YOUR INSTRUCTIONS -> For the word "using", count the lines below that contain it. Give the number alone.
══ RECORDS
(* Let $r\ge5$. There is a constant $C$ depending only on $r$ such that for every $K_r$-tree $T$ and every $S\subseteq V(T)$, and for any run of the $(r-2)_*$-BP process on $T$ with seed set $S$, we have $|\langle S;T\rangle_*|\le C|S|$.
   Context: A graph $T$ is a $K_r$-tree if it is the union of copies $H_1,\dots,H_\vartheta$ of $K_r$ such that for each $1<i\le\vartheta$, $H_i$ shares exactly one edge with $H_1\cup\cdots\cup H_{i-1}$ (the common vertices being exactly the two endpoints of that edge). An edge of $T$ is internal if it lies in at least two of the $H_i$. The $(r-2)_*$-bootstrap percolation process on $T$ with seed set $S\subseteq V(T)$: initially the vertices of $S$ are infected; in each step, either (usual step) some uninfected vertex with at least $r-2$ infected neighbors in $T$ becomes infected; or else (special step), if no usual step is possible but for some internal edge $f$ there are two copies $H_i\ne H_j$ containing $f$ such that $H_i$ has $r-4$ infected vertices and $H_j$ has $1$ infected vertex, all these $r-3$ vertices not in $f$, then an arbitrarily chosen vertex $u\in f$ becomes infected; otherwise the process terminates. $\langle S;T\rangle_*$ is the set of eventually infected vertices. *)

theory Defs
  imports Complex_Main
begin

text \<open>A K_r-tree is given by its list of copies H_1,...,H_theta of K_r, each copy
  represented by its vertex set (a clique on r vertices). Vertices are natural numbers
  (every finite graph is isomorphic to one on nat), so that the constant C can be
  quantified independently of any type.\<close>

definition Kr_tree :: "nat \<Rightarrow> nat set list \<Rightarrow> bool" where
  "Kr_tree r Hs \<longleftrightarrow> Hs \<noteq> [] \<and>
     (\<forall>H\<in>set Hs. finite H \<and> card H = r) \<and>
     (\<forall>i. 0 < i \<and> i < length Hs \<longrightarrow>
        (\<exists>u v. u \<noteq> v \<and> Hs ! i \<inter> (\<Union>j<i. Hs ! j) = {u, v} \<and>
               (\<exists>j<i. {u, v} \<subseteq> Hs ! j)))"

definition tverts :: "nat set list \<Rightarrow> nat set" where
  "tverts Hs = \<Union>(set Hs)"

definition tadj :: "nat set list \<Rightarrow> nat \<Rightarrow> nat \<Rightarrow> bool" where
  "tadj Hs v w \<longleftrightarrow> v \<noteq> w \<and> (\<exists>H\<in>set Hs. v \<in> H \<and> w \<in> H)"

definition internal_edge :: "nat set list \<Rightarrow> nat set \<Rightarrow> bool" where
  "internal_edge Hs f \<longleftrightarrow> (\<exists>u v. u \<noteq> v \<and> f = {u, v}) \<and>
     (\<exists>i j. i < length Hs \<and> j < length Hs \<and> i \<noteq> j \<and> f \<subseteq> Hs ! i \<and> f \<subseteq> Hs ! j)"

definition usual_step :: "nat \<Rightarrow> nat set list \<Rightarrow> nat set \<Rightarrow> nat set \<Rightarrow> bool" where
  "usual_step r Hs I I' \<longleftrightarrow>
     (\<exists>v\<in>tverts Hs. v \<notin> I \<and> card {w. tadj Hs v w \<and> w \<in> I} \<ge> r - 2 \<and> I' = insert v I)"

definition special_step :: "nat \<Rightarrow> nat set list \<Rightarrow> nat set \<Rightarrow> nat set \<Rightarrow> bool" where
  "special_step r Hs I I' \<longleftrightarrow>
     \<not> (\<exists>J. usual_step r Hs I J) \<and>
     (\<exists>f i j u. internal_edge Hs f \<and> i < length Hs \<and> j < length Hs \<and> i \<noteq> j \<and>
        f \<subseteq> Hs ! i \<and> f \<subseteq> Hs ! j \<and>
        card (Hs ! i \<inter> I) = r - 4 \<and> card (Hs ! j \<inter> I) = 1 \<and>
        (Hs ! i \<inter> I) \<inter> f = {} \<and> (Hs ! j \<inter> I) \<inter> f = {} \<and>
        u \<in> f \<and> I' = insert u I)"

definition bp_step :: "nat \<Rightarrow> nat set list \<Rightarrow> nat set \<Rightarrow> nat set \<Rightarrow> bool" where
  "bp_step r Hs I I' \<longleftrightarrow> usual_step r Hs I I' \<or> special_step r Hs I I'"

definition bp_run_result :: "nat \<Rightarrow> nat set list \<Rightarrow> nat set \<Rightarrow> nat set \<Rightarrow> bool" where
  "bp_run_result r Hs S I \<longleftrightarrow> (bp_step r Hs)\<^sup>*\<^sup>* S I \<and> \<not> (\<exists>I'. bp_step r Hs I I')"

end

theory Submission
  imports Defs
begin

text \<open>A potential argument. For an infected set I let
  Phi(I) = 2 ((r - 2) |I| - e(I) + f(I)), where e(I) counts the edges of T inside I and f(I)
  the copies of K_r inside I. A usual step infecting v with d >= r - 2 infected neighbours and
  completing k copies changes Phi by 2 (r - 2 - d + k) <= 0, since completing one copy forces
  d >= r - 1 and completing k >= 2 copies forces d >= k (r - 2). A special step raises Phi by
  at most 2; it is paid for by charging the two copies H_i and H_j, which afterwards stay
  nearly full around the other endpoint of the internal edge (now infectable), so that no copy
  is charged twice in the same role. Thus Phi(I) <= Phi(S) + (number of charges), and
  Phi(S) <= 2 (r - 1) |S|. Finally Phi splits into a sum over the copies of terms depending
  only on the infected vertices of each copy; when the process stops, each copy contributes
  at least its charges plus 1/r times the number of its fresh infected vertices, whence
  |I| <= r Phi(S) <= 2 r (r - 1) |S|.\<close>

locale Kr_tree_graph =
  fixes r :: nat and Hs :: "nat set list"
  assumes Kr_tree: "Kr_tree r Hs"
begin

abbreviation L :: nat where "L \<equiv> length Hs"

definition shared :: "nat \<Rightarrow> nat set" where
  "shared i = Hs ! i \<inter> (\<Union>j<i. Hs ! j)"

definition fresh :: "nat \<Rightarrow> nat set" where
  "fresh i = Hs ! i - shared i"

lemma finite_clique: "i < L \<Longrightarrow> finite (Hs ! i)"
  using Kr_tree nth_mem unfolding Kr_tree_def by blast

lemma card_clique: "i < L \<Longrightarrow> card (Hs ! i) = r"
  using Kr_tree nth_mem unfolding Kr_tree_def by blast

lemma shared_subset: "shared i \<subseteq> Hs ! i"
  unfolding shared_def by auto

lemma fresh_subset: "fresh i \<subseteq> Hs ! i"
  unfolding fresh_def by auto

lemma fresh_shared_disjoint: "fresh i \<inter> shared i = {}"
  unfolding fresh_def by auto

lemma fresh_Un_shared: "fresh i \<union> shared i = Hs ! i"
  using shared_subset by (auto simp: fresh_def)

lemma shared_pos:
  assumes "0 < i" "i < L"
  obtains u v j where "u \<noteq> v" "shared i = {u, v}" "j < i" "{u, v} \<subseteq> Hs ! j"
  using Kr_tree assms unfolding Kr_tree_def shared_def by blast

lemma card_shared: "i < L \<Longrightarrow> card (shared i) = (if i = 0 then 0 else 2)"
proof (cases "i = 0")
  case False
  then have "0 < i" by simp
  moreover assume "i < L"
  ultimately obtain u v j where "u \<noteq> v" "shared i = {u, v}" "j < i" "{u, v} \<subseteq> Hs ! j"
    by (rule shared_pos)
  then show ?thesis using False by simp
qed (simp add: shared_def)

lemma finite_shared: "i < L \<Longrightarrow> finite (shared i)"
  using finite_clique shared_subset finite_subset by blast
════
EXERCISE RESULT -> 6